A laser soldering test was done, where solder paste was printed on 500 μm x 600 μm pads with different surface finishes on FR-4 grade test PCB, and then soldered by laser under different conditions. The results showed that the solder first started to molten, which made it slump, then it turned into a spherical shape with low surface tension, and lastly, it wet across the pad. These test results suggest that OSP was the most insufficiently heated, followed by ENIG, HASL, and Sn.

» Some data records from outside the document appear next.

lemma norm_lfrac_diff_quotient_error_le:
  assumes "Im w > 0" "Im z > 0" "w \<noteq> z" "\<bar>a\<bar> \<le> Bd" "\<bar>b\<bar> \<le> Bd" "\<bar>g\<bar> \<le> Bd"
  shows "norm ((lfrac a b g w - lfrac a b g z) / (w - z) - lfrac_deriv a b g z)
       \<le> cmod (w - z) * ((Bd + Bd * Bd) * Bd) * (cmod w / Im w) * (cmod z / Im z)^2"
proof -
  have "norm ((lfrac a b g w - lfrac a b g z) / (w - z) - lfrac_deriv a b g z)
      = cmod (w - z) * (\<bar>a - b * g\<bar> * \<bar>g\<bar>) * norm (1 / (1 + complex_of_real g * w))
          * (norm (1 / (1 + complex_of_real g * z)))^2"
    using assms(1-3)
    by (simp add: lfrac_diff_quotient_error norm_divide norm_mult norm_power power_one_over
        norm_minus_commute flip: of_real_diff of_real_mult)
  also have "\<dots> \<le> cmod (w - z) * ((Bd + Bd * Bd) * Bd) * (cmod w / Im w) * (cmod z / Im z)^2"
    using abs_lfrac_coeff_le[OF assms(4-6)] assms(1,6) norm_inverse_lfrac_denom_le[OF assms(1), of g]
      norm_inverse_lfrac_denom_le[OF assms(2), of g]
    by (intro mult_mono power_mono) auto
  finally show ?thesis .
qed


section \<open>Pick forms\<close>

text \<open>
  \<open>pick_form\<close> is the quadratic form of the Pick matrix of the values \<open>w\<^sub>i\<close> at the points \<open>z\<^sub>i\<close>,
  evaluated at the vector \<open>(z\<^sub>1, -z\<^sub>2)\<close>.  \<open>pick_form_confluent z w d\<close> is its limit, divided by
  \<open>|z\<^sub>1 - z\<^sub>2|\<^sup>2\<close>, as \<open>z\<^sub>2 \<rightarrow> z\<^sub>1 = z\<close>, for the value \<open>w\<close> and the derivative \<open>d\<close> at \<open>z\<close>.
\<close>

definition pick_form :: "complex \<Rightarrow> complex \<Rightarrow> complex \<Rightarrow> complex \<Rightarrow> real" where
  "pick_form z1 z2 w1 w2 = Re (z1 * cnj z1 * pick_quotient z1 z1 w1 w1
      + z2 * cnj z2 * pick_quotient z2 z2 w2 w2
      - z1 * cnj z2 * pick_quotient z1 z2 w1 w2 - z2 * cnj z1 * pick_quotient z2 z1 w2 w1)"

definition pick_form_confluent :: "complex \<Rightarrow> complex \<Rightarrow> complex \<Rightarrow> real" where
  "pick_form_confluent z w d = Re ((w - cnj w) / (z - cnj z)
      + z * (d / (z - cnj z) - (w - cnj w) / (z - cnj z)^2)
      + cnj z * (- cnj d / (z - cnj z) + (w - cnj w) / (z - cnj z)^2)
      + z * cnj z * ((d + cnj d) / (z - cnj z)^2 - 2 * (w - cnj w) / (z - cnj z)^3))"

lemma pick_form_add: "pick_form z1 z2 (w1 + v1) (w2 + v2) = pick_form z1 z2 w1 w2 + pick_form z1 z2 v1 v2"
  unfolding pick_form_def pick_quotient_def
  by (simp add: add_divide_distrib diff_divide_distrib distrib_left right_diff_distrib)

lemma pick_form_confluent_add:
  "pick_form_confluent z (w + v) (d + d') = pick_form_confluent z w d + pick_form_confluent z v d'"
  unfolding pick_form_confluent_def
  by (simp add: add_divide_distrib diff_divide_distrib distrib_left right_diff_distrib)

lemma pick_form_real_linear: "pick_form z1 z2 w1 w2 = Re (
     (z1 * cnj z1 / (z1 - cnj z1) - z1 * cnj z2 / (z1 - cnj z2)) * w1
   + (z2 * cnj z1 / (z2 - cnj z1) - z1 * cnj z1 / (z1 - cnj z1)) * cnj w1
   + (z2 * cnj z2 / (z2 - cnj z2) - z2 * cnj z1 / (z2 - cnj z1)) * w2
   + (z1 * cnj z2 / (z1 - cnj z2) - z2 * cnj z2 / (z2 - cnj z2)) * cnj w2)"
  unfolding pick_form_def pick_quotient_def
  by (simp add: diff_divide_distrib right_diff_distrib left_diff_distrib)

lemma pick_form_confluent_real_linear: "pick_form_confluent z w d = Re (
     (1 / (z - cnj z) - z / (z - cnj z)^2 + cnj z / (z - cnj z)^2 - 2 * z * cnj z / (z - cnj z)^3) * w
   + (- (1 / (z - cnj z) - z / (z - cnj z)^2 + cnj z / (z - cnj z)^2 - 2 * z * cnj z / (z - cnj z)^3))
       * cnj w
   + (z / (z - cnj z) + z * cnj z / (z - cnj z)^2) * d
   + (- cnj z / (z - cnj z) + z * cnj z / (z - cnj z)^2) * cnj d)"
  unfolding pick_form_confluent_def
  by (simp add: diff_divide_distrib add_divide_distrib right_diff_distrib left_diff_distrib
      distrib_left distrib_right mult_ac)

lemma pick_form_lfrac:
  assumes "Im z1 > 0" "Im z2 > 0"
  shows "pick_form z1 z2 (lfrac a b g z1) (lfrac a b g z2)
       = (a - b * g) * (cmod (z1 / (1 + of_real g * z1) - z2 / (1 + of_real g * z2)))^2"
proof -
  define u1 where "u1 = 1 / (1 + complex_of_real g * z1)"
  define u2 where "u2 = 1 / (1 + complex_of_real g * z2)"
  define k where "k = complex_of_real (a - b * g)"
  have "pick_form z1 z2 (lfrac a b g z1) (lfrac a b g z2)
      = Re (z1 * cnj z1 * (k * u1 * cnj u1) + z2 * cnj z2 * (k * u2 * cnj u2)
          - z1 * cnj z2 * (k * u1 * cnj u2) - z2 * cnj z1 * (k * u2 * cnj u1))"
    unfolding pick_form_def u1_def u2_def k_def using pick_quotient_lfrac assms by simp
  also have "\<dots> = Re (k * ((z1 * u1 - z2 * u2) * cnj (z1 * u1 - z2 * u2)))"
    by (simp add: algebra_simps)
  also have "\<dots> = (a - b * g) * (cmod (z1 * u1 - z2 * u2))^2"
    by (simp only: k_def complex_norm_square[symmetric] Re_complex_of_real of_real_mult[symmetric])
  finally show ?thesis by (simp add: u1_def u2_def)
qed

lemma pick_form_affine_inverse:
  assumes "Im z1 > 0" "Im z2 > 0"
  shows "pick_form z1 z2 (of_real c - of_real \<eta> / z1) (of_real c - of_real \<eta> / z2) = 0"
proof -
  have kernel: "pick_quotient z w (of_real c - of_real \<eta> / z) (of_real c - of_real \<eta> / w)
      = of_real \<eta> / (z * cnj w)" if "Im z > 0" "Im w > 0" for z w
  proof -
    have "z \<noteq> 0" "cnj w \<noteq> 0" "z - cnj w \<noteq> 0" using that sub_cnj_nonzero[OF that] by auto
    then show ?thesis by (simp add: pick_quotient_def field_simps)
  qed
  have "z1 \<noteq> 0" "z2 \<noteq> 0" using assms by auto
  then show ?thesis
    unfolding pick_form_def kernel[OF assms(1) assms(1)] kernel[OF assms(2) assms(2)]
      kernel[OF assms(1) assms(2)] kernel[OF assms(2) assms(1)]
    by simp
qed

This order corresponds with the specific heat of respective surface finishes. Laser soldering with flux cored solder wire generally “preheat the pad” by the laser, then feed the solder wire to form a joint. On the other hand, in a laser soldering with solder paste, laser is irradiated on the previously dispensed or printed solder paste and the components to be soldered to heat them up. As a result, most of the laser light is irradiated on the solder, which makes the control point of this process be how much heat the solder paste would lose to the PCB, rather than how much laser light could the pad material absorb.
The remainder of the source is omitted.